We can see there are no reduction in the cycles. Also the speed is slower than the original one. So I trace the program logic and find that although the new code has less if statement, it does one addition no matter what. Not like the original one will use the if statement to decrease the times of additions. Therefore, we failed to improve our code by eliminate the if statement.
## Requirement 4
* The RISC-V compliance test is made to confirm the basic operation based on the specification. It can benefit the software community and the tools/OS ecosystem. Although we want to make sure the basic operations work, the RISC-V compliance test won't test every aspect of the processor. It will set some benchmarks instead to check if the processor meets. And there's a technique call `signatures` that will ask for specific values in some of the place in memory to make sure the processor works properly.
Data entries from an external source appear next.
lemma conjugate_square_real_pos:
  fixes x :: "complex vec"
  assumes "x \<in> carrier_vec m" and "x \<noteq> 0\<^sub>v m"
  shows "\<exists>r > 0. conjugate x \<bullet> x = of_real r"
proof -
  have "x \<bullet>c x > 0" using assms by simp
  moreover have "conjugate x \<bullet> x = x \<bullet>c x"
    using assms(1) by (simp add: conjugate_vec_sprod_comm[of _ m])
  ultimately show ?thesis
    by (intro exI[of _ "Re (x \<bullet>c x)"]) (auto simp: less_complex_def complex_eq_iff)
qed

lemma quadratic_roots_left_half_plane:
  fixes z :: complex and a b c :: real
  assumes a: "a > 0" and b: "b > 0" and c: "c > 0"
    and root: "of_real a * z\<^sup>2 + of_real b * z + of_real c = 0"
  shows "Re z < 0"
proof (rule ccontr)
  assume "\<not> Re z < 0"
  then have x: "Re z \<ge> 0" by simp
  have re: "a * (Re z * Re z - Im z * Im z) + b * Re z + c = 0"
    using arg_cong[OF root, of Re] by (simp add: power2_eq_square)
  have im: "Im z * (2 * a * Re z + b) = 0"
    using arg_cong[OF root, of Im] by (simp add: power2_eq_square algebra_simps)
  have "2 * a * Re z + b > 0" using a b x by (simp add: add_nonneg_pos)
  with im have "Im z = 0" by simp
  with re have "a * (Re z * Re z) + b * Re z + c = 0" by simp
  moreover have "a * (Re z * Re z) \<ge> 0" "b * Re z \<ge> 0" using a b x by simp_all
  ultimately show False using c by linarith
qed

lemma smult_append_vec:
  "k \<cdot>\<^sub>v (x @\<^sub>v y) = (k \<cdot>\<^sub>v x) @\<^sub>v (k \<cdot>\<^sub>v y)"
  by (rule eq_vecI) auto

lemma smult_mat_mult_mat_vec:
  fixes A :: "'a :: comm_ring mat"
  assumes "v \<in> carrier_vec (dim_col A)"
  shows "(k \<cdot>\<^sub>m A) *\<^sub>v v = k \<cdot>\<^sub>v (A *\<^sub>v v)"
  using assms by (intro eq_vecI) (auto simp: scalar_prod_def sum_distrib_left mult.assoc)

lemma PI_block_eigenvector:
  fixes L :: "real mat" and kP kI :: real
  assumes L: "L \<in> carrier_mat m m" and kI: "kI \<noteq> 0"
    and ev: "eigenvector (map_mat complex_of_real
      (four_block_mat ((- kP) \<cdot>\<^sub>m L) ((- kI) \<cdot>\<^sub>m 1\<^sub>m m) L (0\<^sub>m m m))) w z"
  obtains x y where "x \<in> carrier_vec m" and "y \<in> carrier_vec m" and "x \<noteq> 0\<^sub>v m"
    and "of_real (- kP) \<cdot>\<^sub>v (map_mat complex_of_real L *\<^sub>v x) + of_real (- kI) \<cdot>\<^sub>v y = z \<cdot>\<^sub>v x"
    and "map_mat complex_of_real L *\<^sub>v x = z \<cdot>\<^sub>v y"
proof -
  let ?L = "map_mat complex_of_real L"
  let ?M = "map_mat complex_of_real (four_block_mat ((- kP) \<cdot>\<^sub>m L) ((- kI) \<cdot>\<^sub>m 1\<^sub>m m) L (0\<^sub>m m m))"
  have w: "w \<in> carrier_vec (m + m)" "w \<noteq> 0\<^sub>v (m + m)" and Mw: "?M *\<^sub>v w = z \<cdot>\<^sub>v w"
    using ev L unfolding eigenvector_def by auto
  define x where "x = vec_first w m"
  define y where "y = vec_last w m"
  have x: "x \<in> carrier_vec m" and y: "y \<in> carrier_vec m" and xy: "w = x @\<^sub>v y"
    using w(1) by (simp_all add: x_def y_def)
  have Lc: "?L \<in> carrier_mat m m" using L by simp
  have M: "?M = four_block_mat (of_real (- kP) \<cdot>\<^sub>m ?L) (of_real (- kI) \<cdot>\<^sub>m 1\<^sub>m m) ?L (0\<^sub>m m m)"
    using L by (subst map_four_block_mat) (auto intro!: eq_matI)
  have "?M *\<^sub>v w = (of_real (- kP) \<cdot>\<^sub>v (?L *\<^sub>v x) + of_real (- kI) \<cdot>\<^sub>v y) @\<^sub>v (?L *\<^sub>v x)"
    unfolding M xy using L x y
    by (subst four_block_mat_mult_vec[OF _ _ Lc _ x y]) (auto simp: smult_mat_mult_mat_vec)
  with Mw have "(of_real (- kP) \<cdot>\<^sub>v (?L *\<^sub>v x) + of_real (- kI) \<cdot>\<^sub>v y) @\<^sub>v (?L *\<^sub>v x)
      = (z \<cdot>\<^sub>v x) @\<^sub>v (z \<cdot>\<^sub>v y)"
    unfolding xy smult_append_vec by simp
  then have eq1: "of_real (- kP) \<cdot>\<^sub>v (?L *\<^sub>v x) + of_real (- kI) \<cdot>\<^sub>v y = z \<cdot>\<^sub>v x"
    and eq2: "?L *\<^sub>v x = z \<cdot>\<^sub>v y"
    using Lc x y by (subst (asm) append_vec_eq[of _ m]; auto)+
  have x0: "x \<noteq> 0\<^sub>v m"
  proof
    assume "x = 0\<^sub>v m"
    then have "y $ i = 0" if "i < m" for i
      using arg_cong[OF eq1, of "\<lambda>v. v $ i"] that Lc y kI by simp
    with y have "y = 0\<^sub>v m" by (auto simp: vec_eq_iff)
    with \<open>x = 0\<^sub>v m\<close> xy w(2) show False by auto
  qed
  from x y x0 eq1 eq2 show thesis by (rule that)
qed

lemma hurwitz_PI_block:
  fixes L :: "real mat" and kP kI :: real
  assumes L: "L \<in> carrier_mat m m" and sym: "transpose_mat L = L"
    and pd: "\<And>v. v \<in> carrier_vec m \<Longrightarrow> v \<noteq> 0\<^sub>v m \<Longrightarrow> v \<bullet> (L *\<^sub>v v) > 0"
    and kP: "kP > 0" and kI: "kI > 0"
  shows "hurwitz (four_block_mat ((- kP) \<cdot>\<^sub>m L) ((- kI) \<cdot>\<^sub>m 1\<^sub>m m) L (0\<^sub>m m m))"
  unfolding hurwitz_def eigenvalue_def
proof (intro allI impI, elim exE)
  let ?L = "map_mat complex_of_real L"
  fix z w
  assume "eigenvector (map_mat complex_of_real
      (four_block_mat ((- kP) \<cdot>\<^sub>m L) ((- kI) \<cdot>\<^sub>m 1\<^sub>m m) L (0\<^sub>m m m))) w z"
  then obtain x y where x: "x \<in> carrier_vec m" "x \<noteq> 0\<^sub>v m" and y: "y \<in> carrier_vec m"
    and eq1: "of_real (- kP) \<cdot>\<^sub>v (?L *\<^sub>v x) + of_real (- kI) \<cdot>\<^sub>v y = z \<cdot>\<^sub>v x"
    and eq2: "?L *\<^sub>v x = z \<cdot>\<^sub>v y"
    using PI_block_eigenvector[OF L] kI by (metis less_irrefl)
  obtain q where q: "q > 0" "conjugate x \<bullet> (?L *\<^sub>v x) = of_real q"
    using hermitian_form_pos[OF L sym pd x] by blast
  obtain r where r: "r > 0" "conjugate x \<bullet> x = of_real r"
    using conjugate_square_real_pos[OF x] by blast
  have cx: "conjugate x \<in> carrier_vec m" using x by simp
  define p where "p = conjugate x \<bullet> y"
  have zr: "z * of_real r = - (of_real kP * of_real q) - of_real kI * p"
    using arg_cong[OF eq1, of "\<lambda>v. conjugate x \<bullet> v"] cx L x y q(2) r(2)
    by (simp add: scalar_prod_add_distrib[of _ m] p_def)
  have qp: "of_real q = z * p"
    using arg_cong[OF eq2, of "\<lambda>v. conjugate x \<bullet> v"] cx y q(2) by (simp add: p_def)
  have "of_real r * z\<^sup>2 + of_real (kP * q) * z + of_real (kI * q)
      = z * (z * of_real r + of_real kP * of_real q + of_real kI * p)"
    by (simp add: qp power2_eq_square algebra_simps)
  also have "\<dots> = 0" by (simp add: zr)
  finally show "Re z < 0"
    by (rule quadratic_roots_left_half_plane[rotated 3]) (use r(1) q(1) kP kI in simp_all)
qed

theorem lemma3:
  fixes n d nl :: nat and E :: "(nat \<times> nat) set"
    and g :: "nat \<Rightarrow> nat \<Rightarrow> nat \<Rightarrow> real" and pstar :: "nat \<Rightarrow> nat \<Rightarrow> real"
    and kP kI :: real
  assumes "n \<ge> 2" and "d \<ge> 2"
    and "undirected_graph n E"
    and "2 \<le> nl" and "nl \<le> n"
    and "no_coinciding n d pstar"
    and "\<forall>(i,j)\<in>E. \<forall>c<d. g i j c = bearing d pstar i j c"
    and "inf_bearing_rigid n d E pstar"
    and "kP > 0" and "kI > 0"
  shows "hurwitz (four_block_mat
            ((- kP) \<cdot>\<^sub>m L_ff n nl d E g) ((- kI) \<cdot>\<^sub>m 1\<^sub>m (d*(n-nl)))
            (L_ff n nl d E g) (0\<^sub>m (d*(n-nl)) (d*(n-nl))))"
proof (rule hurwitz_PI_block[OF L_ff_carrier])
  have d: "0 < d" using \<open>d \<ge> 2\<close> by simp
  have gE: "\<And>i j c. (i, j) \<in> E \<Longrightarrow> c < d \<Longrightarrow> g i j c = bearing d pstar i j c"
    using assms(7) by auto
  have sym: "\<And>i j. (i, j) \<in> E \<Longrightarrow> (j, i) \<in> E"
    using assms(3) unfolding undirected_graph_def by blast
  have anti: "\<And>i j c. (i, j) \<in> E \<Longrightarrow> c < d \<Longrightarrow> g j i c = - g i j c"
    using assms(3) gE by (rule edge_bearings_antisymmetric)
  show "transpose_mat (L_ff n nl d E g) = L_ff n nl d E g"
    by (rule L_ff_symmetric[OF d \<open>nl \<le> n\<close> sym anti])
  show "v \<bullet> (L_ff n nl d E g *\<^sub>v v) > 0"
    if "v \<in> carrier_vec (d * (n - nl))" and "v \<noteq> 0\<^sub>v (d * (n - nl))" for v
    using L_ff_pos_def[OF d assms(3-6) gE assms(8) that] .
qed (use assms in auto)

end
* srv32 is a 3-stage RISC-V processor simulator program wrote by Verilog. Verilator is a simulator environment for Verilog. Verilator will convert HDL verilog into a behavior-oriented model in C++ based on the cycle to simulate. So in conclusion, srv32 is a script wrote by RTL language Verilog and use Verilator to turn it into C++. That makes it more intuitive to do the design or testing with its behavior-oriented feature.